Cała impreza odbywała się w okrągłej hali o średnicy około 20 metrów. Zmieściły się tam prezentacje kilku klubów akwarystycznych, terraria, akwarystyka morska i nanoakwarystyka. Było tam dość ciasno ale przytulnie. Pierwszego dnia odbyło się otwarcie wystawy i ocena sędziowska wystawionych ryb. Po tych uroczystościach udaliśmy się do hotelu w celu odzyskania sił po dosyć nużącej podróży. Następnego dnia mogliśmy podziwiać piękne ryby konkursowe, umieszczone w 96 zbiornikach o pojemności około 85 litrów każdy. Były tam między innymi ryby Tony TANA i Jasona WU, Kaja PERSONA i oczywiście nasze w klasie Wild, pattern, spotted, open i solid. Wieczorem odbyła się kolacja w postaci szwedzkiego stołu, ustawionego dookoła hali wystawowej, na blatach przed akwariami. Można było sobie chodzić, zwiedzać i przy okazji dobrze zjeść. Kolejny, trzeci dzień niewiele różnił się od poprzedniego, jeżeli chodzi o samą wystawę – z punktu widzenia wystawcy. Zrobiło się tylko bardzo „gęsto” i dość ciepło, gdyż w sobotę znacznie wzrosła ilość zwiedzających i było ich z całą pewnością kilkakrotnie razy więcej.

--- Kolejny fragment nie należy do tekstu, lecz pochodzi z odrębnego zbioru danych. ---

(* Let $\Gamma\subseteq G_1$ be a subgroup acting freely on $\mathbb{H}^2$. Then $h(\Gamma)$ is abelian, and there exists a complex plane $\mathbb{C}_I=\mathbb{R}+\mathbb{R}I$ (for some imaginary unit $I\in\mathbb{H}$, $I^2=-1$) containing every $a\in\mathbb{H}$ such that $\begin{pmatrix}a&b\\0&1\end{pmatrix}\in h(\Gamma)$ for some $b\in\mathbb{H}$.
   Context: $G_1=\left\{\begin{pmatrix} a&b&r\\ 0&1&s\\ 0&0&1\end{pmatrix}: a,b,r,s\in\mathbb{H}, a\neq0\right\}$, acting on $(x,y)\in\mathbb{H}^2$ by $(x,y)\mapsto(ax+by+r,y+s)$. For such a matrix $A$, $h(A)=\begin{pmatrix}a&b\\0&1\end{pmatrix}$ is its holonomy part, and $h(\Gamma)=\{h(A):A\in\Gamma\}$. *)

theory Defs
  imports Complex_Main "HOL-Algebra.Group"
begin

datatype quat = Quat (qr: real) (qi: real) (qj: real) (qk: real)

lemma quat_eqI: "qr x = qr y \<Longrightarrow> qi x = qi y \<Longrightarrow> qj x = qj y \<Longrightarrow> qk x = qk y \<Longrightarrow> x = y"
  by (cases x; cases y) auto

lemma quat_eq_iff: "x = y \<longleftrightarrow> qr x = qr y \<and> qi x = qi y \<and> qj x = qj y \<and> qk x = qk y"
  by (auto intro: quat_eqI)

instantiation quat :: ring_1
begin
definition "0 = Quat 0 0 0 0"
definition "1 = Quat 1 0 0 0"
definition "x + y = Quat (qr x + qr y) (qi x + qi y) (qj x + qj y) (qk x + qk y)"
definition "- x = Quat (- qr x) (- qi x) (- qj x) (- qk x)"
definition "x - y = Quat (qr x - qr y) (qi x - qi y) (qj x - qj y) (qk x - qk y)"
definition "x * y = Quat
   (qr x * qr y - qi x * qi y - qj x * qj y - qk x * qk y)
   (qr x * qi y + qi x * qr y + qj x * qk y - qk x * qj y)
   (qr x * qj y - qi x * qk y + qj x * qr y + qk x * qi y)
   (qr x * qk y + qi x * qj y - qj x * qi y + qk x * qr y)"
instance
  by standard (auto simp: quat_eq_iff zero_quat_def one_quat_def plus_quat_def
      uminus_quat_def minus_quat_def times_quat_def algebra_simps)
end

instantiation quat :: real_algebra_1
begin
definition "scaleR c x = Quat (c * qr x) (c * qi x) (c * qj x) (c * qk x)"
instance
  by standard (auto simp: quat_eq_iff zero_quat_def one_quat_def plus_quat_def
      uminus_quat_def minus_quat_def times_quat_def scaleR_quat_def algebra_simps)
end

definition complex_plane :: "quat \<Rightarrow> quat set" where
  "complex_plane I = {of_real x + of_real y * I | x y. True}"

text \<open>The matrix ((a,b,r),(0,1,s),(0,0,1)) is represented by the tuple (a,b,r,s).\<close>
type_synonym g1 = "quat \<times> quat \<times> quat \<times> quat"

definition g1_mult :: "g1 \<Rightarrow> g1 \<Rightarrow> g1" where
  "g1_mult A B = (case A of (a,b,r,s) \<Rightarrow> case B of (a',b',r',s') \<Rightarrow>
      (a * a', a * b' + b, a * r' + b * s' + r, s + s'))"

definition G1 :: "g1 monoid" where
  "G1 = \<lparr> carrier = {(a,b,r,s). a \<noteq> 0}, mult = g1_mult, one = (1,0,0,0) \<rparr>"

definition g1_act :: "g1 \<Rightarrow> quat \<times> quat \<Rightarrow> quat \<times> quat" where
  "g1_act A p = (case A of (a,b,r,s) \<Rightarrow> case p of (x,y) \<Rightarrow> (a*x + b*y + r, y + s))"

definition acts_freely :: "g1 set \<Rightarrow> bool" where
  "acts_freely \<Gamma> \<longleftrightarrow> (\<forall>A\<in>\<Gamma>. \<forall>p. g1_act A p = p \<longrightarrow> A = \<one>\<^bsub>G1\<^esub>)"

text \<open>Holonomy part: the matrix ((a,b),(0,1)), represented by (a,b).\<close>
definition hol :: "g1 \<Rightarrow> quat \<times> quat" where
  "hol A = (case A of (a,b,r,s) \<Rightarrow> (a,b))"

definition hol_mult :: "quat \<times> quat \<Rightarrow> quat \<times> quat \<Rightarrow> quat \<times> quat" where
  "hol_mult P Q = (case P of (a,b) \<Rightarrow> case Q of (a',b') \<Rightarrow> (a * a', a * b' + b))"

end

theory Submission
  imports Defs
begin

text \<open>
  The last coordinate s of (a, b, r, s) adds up under multiplication, so for A, B in \<Gamma> the
  element AB(BA)\<inverse> of \<Gamma> has s = 0. An element with s = 0 whose holonomy is not the
  identity has a fixed point in \<bbbH>^2 (solve a x + r = x, or b y + r = 0, in the division
  ring \<bbbH>), so freeness gives h(AB) = h(BA). Hence the linear parts a of h(\<Gamma>) commute
  pairwise, and a quaternion commuting with a non-real a0 has imaginary part parallel to
  that of a0; all of them therefore lie in the plane spanned by 1 and the unit imaginary
  direction of a0.
\<close>

lemma quat_norm2_pos:
  fixes a :: quat
  assumes "a \<noteq> 0"
  shows "qr a ^ 2 + qi a ^ 2 + qj a ^ 2 + qk a ^ 2 > 0"
proof -
  have "qr a \<noteq> 0 \<or> qi a \<noteq> 0 \<or> qj a \<noteq> 0 \<or> qk a \<noteq> 0"
    using assms by (auto simp: quat_eq_iff zero_quat_def)
  then show ?thesis
    by (smt (verit) zero_le_power2 zero_less_power2)
qed

instantiation quat :: division_ring
begin
definition inverse_quat :: "quat \<Rightarrow> quat" where
  "inverse_quat a = (let N = qr a ^ 2 + qi a ^ 2 + qj a ^ 2 + qk a ^ 2 in
    Quat (qr a / N) (- qi a / N) (- qj a / N) (- qk a / N))"
definition divide_quat :: "quat \<Rightarrow> quat \<Rightarrow> quat" where
  "divide_quat a b = a * inverse b"
instance
proof
  fix a :: quat
  assume "a \<noteq> 0"
  define N where "N = qr a ^ 2 + qi a ^ 2 + qj a ^ 2 + qk a ^ 2"
  have "N \<noteq> 0"
    using quat_norm2_pos[OF \<open>a \<noteq> 0\<close>] by (simp add: N_def)
  have inv: "inverse a = Quat (qr a / N) (- qi a / N) (- qj a / N) (- qk a / N)"
    by (simp add: inverse_quat_def N_def Let_def)
  show "inverse a * a = 1" "a * inverse a = 1"
    unfolding inv using \<open>N \<noteq> 0\<close>
    by (simp_all add: quat_eq_iff times_quat_def one_quat_def field_simps)
      (simp_all add: N_def power2_eq_square algebra_simps)
qed (simp_all add: divide_quat_def inverse_quat_def zero_quat_def)
end

lemma quat_in_Reals_iff: "a \<in> \<real> \<longleftrightarrow> qi a = 0 \<and> qj a = 0 \<and> qk a = 0"
proof
  assume "a \<in> \<real>" then show "qi a = 0 \<and> qj a = 0 \<and> qk a = 0"
    by (auto elim!: Reals_cases simp: of_real_def scaleR_quat_def one_quat_def)
next
  assume "qi a = 0 \<and> qj a = 0 \<and> qk a = 0"
  then have "a = of_real (qr a)"
    by (simp add: quat_eq_iff of_real_def scaleR_quat_def one_quat_def)
  then show "a \<in> \<real>" by (metis Reals_of_real)
qed

lemma Reals_subset_complex_plane: "\<real> \<subseteq> complex_plane I"
proof
  fix x :: quat
  assume "x \<in> \<real>"
  then obtain r where "x = of_real r + of_real 0 * I" by (auto elim!: Reals_cases)
  then show "x \<in> complex_plane I" unfolding complex_plane_def by blast
qed

definition im_norm :: "quat \<Rightarrow> real" where
  "im_norm a = sqrt (qi a ^ 2 + qj a ^ 2 + qk a ^ 2)"

definition im_unit :: "quat \<Rightarrow> quat" where
  "im_unit a = Quat 0 (qi a / im_norm a) (qj a / im_norm a) (qk a / im_norm a)"

lemma im_norm_square: "im_norm a * im_norm a = qi a ^ 2 + qj a ^ 2 + qk a ^ 2"
  by (simp add: im_norm_def)

lemma im_norm_pos:
  assumes "a \<notin> \<real>"
  shows "im_norm a > 0"
proof -
  have "qi a ^ 2 + qj a ^ 2 + qk a ^ 2 > 0"
    using assms unfolding quat_in_Reals_iff by (smt (verit) zero_le_power2 zero_less_power2)
  then show ?thesis by (simp add: im_norm_def)
qed

lemma im_unit_square:
  assumes "a \<notin> \<real>"
  shows "im_unit a * im_unit a = -1"
proof -
  have "(qi a / im_norm a)\<^sup>2 + (qj a / im_norm a)\<^sup>2 + (qk a / im_norm a)\<^sup>2
      = (qi a ^ 2 + qj a ^ 2 + qk a ^ 2) / (im_norm a * im_norm a)"
    by (simp add: power_divide add_divide_distrib power2_eq_square)
  also have "\<dots> = 1"
    using im_norm_pos[OF assms] by (simp add: im_norm_square[symmetric])
  finally show ?thesis
    by (simp add: im_unit_def quat_eq_iff times_quat_def one_quat_def uminus_quat_def
        power2_eq_square)
qed

lemma commute_in_complex_plane_im_unit:
  assumes "a0 \<notin> \<real>" and "a * a0 = a0 * a"
  shows "a \<in> complex_plane (im_unit a0)"
proof -
  define n where "n = im_norm a0"
  define d where "d = qi a * qi a0 + qj a * qj a0 + qk a * qk a0"
  have "n > 0" using im_norm_pos[OF assms(1)] by (simp add: n_def)
  have cross: "qj a * qk a0 = qk a * qj a0" "qk a * qi a0 = qi a * qk a0"
    "qi a * qj a0 = qj a * qi a0"
    using assms(2) by (simp_all add: quat_eq_iff times_quat_def, simp_all add: mult.commute)
  then have parallel: "qi a * (n * n) = d * qi a0" "qj a * (n * n) = d * qj a0"
    "qk a * (n * n) = d * qk a0"
    by (simp_all add: n_def im_norm_square d_def power2_eq_square algebra_simps)
      (metis mult.commute mult.left_commute)+
  have "a = of_real (qr a) + of_real (d / n) * im_unit a0"
    using parallel \<open>n > 0\<close>
    by (simp add: im_unit_def n_def[symmetric] quat_eq_iff times_quat_def plus_quat_def
        of_real_def scaleR_quat_def one_quat_def field_simps)
  then show ?thesis unfolding complex_plane_def by blast
qed

lemma commuting_quats_in_complex_plane:
  fixes S :: "quat set"
  assumes "\<And>a b. a \<in> S \<Longrightarrow> b \<in> S \<Longrightarrow> a * b = b * a"
  shows "\<exists>I. I * I = -1 \<and> S \<subseteq> complex_plane I"
proof (cases "S \<subseteq> \<real>")
  case True
  have "Quat 0 1 0 0 * Quat 0 1 0 0 = -1"
    by (simp add: quat_eq_iff times_quat_def one_quat_def uminus_quat_def)
  with True Reals_subset_complex_plane show ?thesis by blast
next
  case False
  then obtain a0 where "a0 \<in> S" "a0 \<notin> \<real>" by blast
  with assms im_unit_square commute_in_complex_plane_im_unit show ?thesis by blast
qed

lemma G1_one: "\<one>\<^bsub>G1\<^esub> = (1, 0, 0, 0)"
  by (simp add: G1_def)

lemma G1_mult:
  "(a, b, r, s) \<otimes>\<^bsub>G1\<^esub> (a', b', r', s') = (a * a', a * b' + b, a * r' + b * s' + r, s + s')"
  by (simp add: G1_def g1_mult_def)

lemma group_G1: "group G1"
proof (rule groupI)
  fix x
  assume "x \<in> carrier G1"
  then obtain a b r s where x: "x = (a, b, r, s)" "a \<noteq> 0" by (auto simp: G1_def)
  let ?y = "(inverse a, - inverse a * b, - inverse a * r + inverse a * b * s, - s)"
  have "?y \<in> carrier G1" "?y \<otimes>\<^bsub>G1\<^esub> x = \<one>\<^bsub>G1\<^esub>"
    using x by (simp_all add: G1_def g1_mult_def)
  then show "\<exists>y\<in>carrier G1. y \<otimes>\<^bsub>G1\<^esub> x = \<one>\<^bsub>G1\<^esub>" by blast
qed (auto simp: G1_def g1_mult_def algebra_simps)

lemma hol_G1_mult: "hol (A \<otimes>\<^bsub>G1\<^esub> B) = hol_mult (hol A) (hol B)"
  by (cases A; cases B) (simp add: G1_mult hol_def hol_mult_def)

lemma hol_mult_one_left: "hol_mult (1, 0) P = P"
  by (cases P) (simp add: hol_mult_def)

lemma hol_mult_commute_fst: "hol_mult P Q = hol_mult Q P \<Longrightarrow> fst P * fst Q = fst Q * fst P"
  by (cases P; cases Q) (simp add: hol_mult_def)

definition vert_transl :: "g1 \<Rightarrow> quat" where
  "vert_transl A = (case A of (a, b, r, s) \<Rightarrow> s)"

lemma vert_transl_G1_mult: "vert_transl (A \<otimes>\<^bsub>G1\<^esub> B) = vert_transl A + vert_transl B"
  by (cases A; cases B) (simp add: G1_mult vert_transl_def)

lemma g1_act_has_fixed_point:
  assumes "(a, b) \<noteq> (1, 0)"
  shows "\<exists>p. g1_act (a, b, r, 0) p = p"
proof (cases "a = 1")
  case False
  define x where "x = - (inverse (a - 1) * r)"
  have "(a - 1) * x = - r"
    using False by (simp add: x_def mult.assoc[symmetric])
  then have "a * x + r = x" by (simp add: algebra_simps)
  then have "g1_act (a, b, r, 0) (x, 0) = (x, 0)" by (simp add: g1_act_def)
  then show ?thesis by blast
next
  case True
  with assms have "b \<noteq> 0" by simp
  then have "g1_act (a, b, r, 0) (0, - (inverse b * r)) = (0, - (inverse b * r))"
    using True by (simp add: g1_act_def mult.assoc[symmetric])
  then show ?thesis by blast
qed

lemma acts_freely_hol_eq_one:
  assumes "acts_freely \<Gamma>" and "A \<in> \<Gamma>" and "vert_transl A = 0"
  shows "hol A = (1, 0)"
proof (rule ccontr)
  obtain a b r where A: "A = (a, b, r, 0)"
    using assms(3) by (cases A) (simp add: vert_transl_def)
  assume "hol A \<noteq> (1, 0)"
  then have "A \<noteq> \<one>\<^bsub>G1\<^esub>" and "\<exists>p. g1_act A p = p"
    using g1_act_has_fixed_point[of a b r] by (auto simp: A hol_def G1_one)
  with assms(1,2) show False unfolding acts_freely_def by blast
qed

lemma hol_commute:
  assumes "subgroup \<Gamma> G1" and "acts_freely \<Gamma>" and "A \<in> \<Gamma>" and "B \<in> \<Gamma>"
  shows "hol_mult (hol A) (hol B) = hol_mult (hol B) (hol A)"
proof -
  interpret G1: group G1 by (rule group_G1)
  interpret \<Gamma>: subgroup \<Gamma> G1 by (rule assms(1))
  define X where "X = A \<otimes>\<^bsub>G1\<^esub> B"
  define Y where "Y = B \<otimes>\<^bsub>G1\<^esub> A"
  define Z where "Z = X \<otimes>\<^bsub>G1\<^esub> inv\<^bsub>G1\<^esub> Y"
  have "X \<in> \<Gamma>" "Y \<in> \<Gamma>" using assms(3,4) by (simp_all add: X_def Y_def)
  then have "Z \<in> \<Gamma>" and ZY: "Z \<otimes>\<^bsub>G1\<^esub> Y = X"
    by (simp_all add: Z_def G1.m_assoc)
  have "vert_transl Z + vert_transl Y = vert_transl X"
    using ZY vert_transl_G1_mult by metis
  moreover have "vert_transl X = vert_transl Y"
    by (simp add: X_def Y_def vert_transl_G1_mult add.commute)
  ultimately have "hol Z = (1, 0)"
    using acts_freely_hol_eq_one[OF assms(2) \<open>Z \<in> \<Gamma>\<close>] by simp
  then have "hol X = hol Y"
    by (metis ZY hol_G1_mult hol_mult_one_left)
  then show ?thesis by (simp add: X_def Y_def hol_G1_mult)
qed

theorem mainTheorem9:
  fixes \<Gamma> :: "g1 set"
  assumes "subgroup \<Gamma> G1"
    and "acts_freely \<Gamma>"
  shows "(\<forall>P\<in>hol ` \<Gamma>. \<forall>Q\<in>hol ` \<Gamma>. hol_mult P Q = hol_mult Q P)
    \<and> (\<exists>I::quat. I * I = -1 \<and> (\<forall>a b. (a, b) \<in> hol ` \<Gamma> \<longrightarrow> a \<in> complex_plane I))"
proof
  show "\<forall>P\<in>hol ` \<Gamma>. \<forall>Q\<in>hol ` \<Gamma>. hol_mult P Q = hol_mult Q P"
    using hol_commute[OF assms] by blast
  then have comm: "a * a' = a' * a" if "a \<in> fst ` hol ` \<Gamma>" "a' \<in> fst ` hol ` \<Gamma>" for a a'
    using that by (blast intro: hol_mult_commute_fst)
  obtain I where I: "I * I = -1" "fst ` hol ` \<Gamma> \<subseteq> complex_plane I"
    using commuting_quats_in_complex_plane[OF comm] by blast
  have "a \<in> complex_plane I" if "(a, b) \<in> hol ` \<Gamma>" for a b
  proof -
    have "a \<in> fst ` hol ` \<Gamma>" using that by (rule image_eqI[rotated]) simp
    with I(2) show ?thesis by blast
  qed
  with I(1) show "\<exists>I::quat. I * I = -1 \<and> (\<forall>a b. (a, b) \<in> hol ` \<Gamma> \<longrightarrow> a \<in> complex_plane I)"
    by blast
qed

end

Po zamknięciu wystawy zostaliśmy zaproszeni na „obiad mistrzowski” do restauracji w centrum Malmo z wyśmienitym menu i bez „ograniczeń ilościowych” – w takim obiedzie czasami warto wziąć udział. Byłoby nietaktem nie wspomnieć o tym, że szefostwo Szwedzkiego klubu nie chciało słyszeć o uiszczeniu opłaty za obiad. Najistotniejszym elementem naszego pobytu w Malmo była możliwość porozmawiania ze sławami w dziedzinie hodowli, znawstwa, odłowu i systematyki dyskowca. Miedzy innymi sporo czasu spędziłem na rozmowach z Heiko BLEHEREM, Tonym i Jeffreyem Tanem, Jasonem Wu, Bosse QUIDINGIEM, a także słynnym eksporterem dzikiego dyskowca Hudsonem CRIZANTO. Te rozmowy pochłaniały nam najwięcej czasu wolnego. Muszę dodać, że w sąsiadujacych z halą pomieszczeniach odbywały się wykłady i prelekcje. Najbardziej interesującą – z racji kierunku mojego zainteresowania – okazała się prelekcja Hudsona na temat występowania i połowów dzikiego dyskowca, jego transportu i aklimatyzacji do warunków ograniczonej wolności. Wystawa zakończyła się w niedzielę ogłoszeniem wyników. Najwięcej statuetek, bo aż jedenaście, zdobyła para Jason Wu i Tony Tan, ale panowie sędziowie sprawili nam bardzo miłą niespodziankę i przyznali nam 3 miejsce w kategorii Wild Discus. Wróciliśmy w poniedziałek rano do kraju i szczęśliwie dotarliśmy do domu, a rybki do swoich zbiorników – zmęczone, ale całe i zdrowe.
dyskowce_na_wystawie_hodowla_szwecja_pkmd.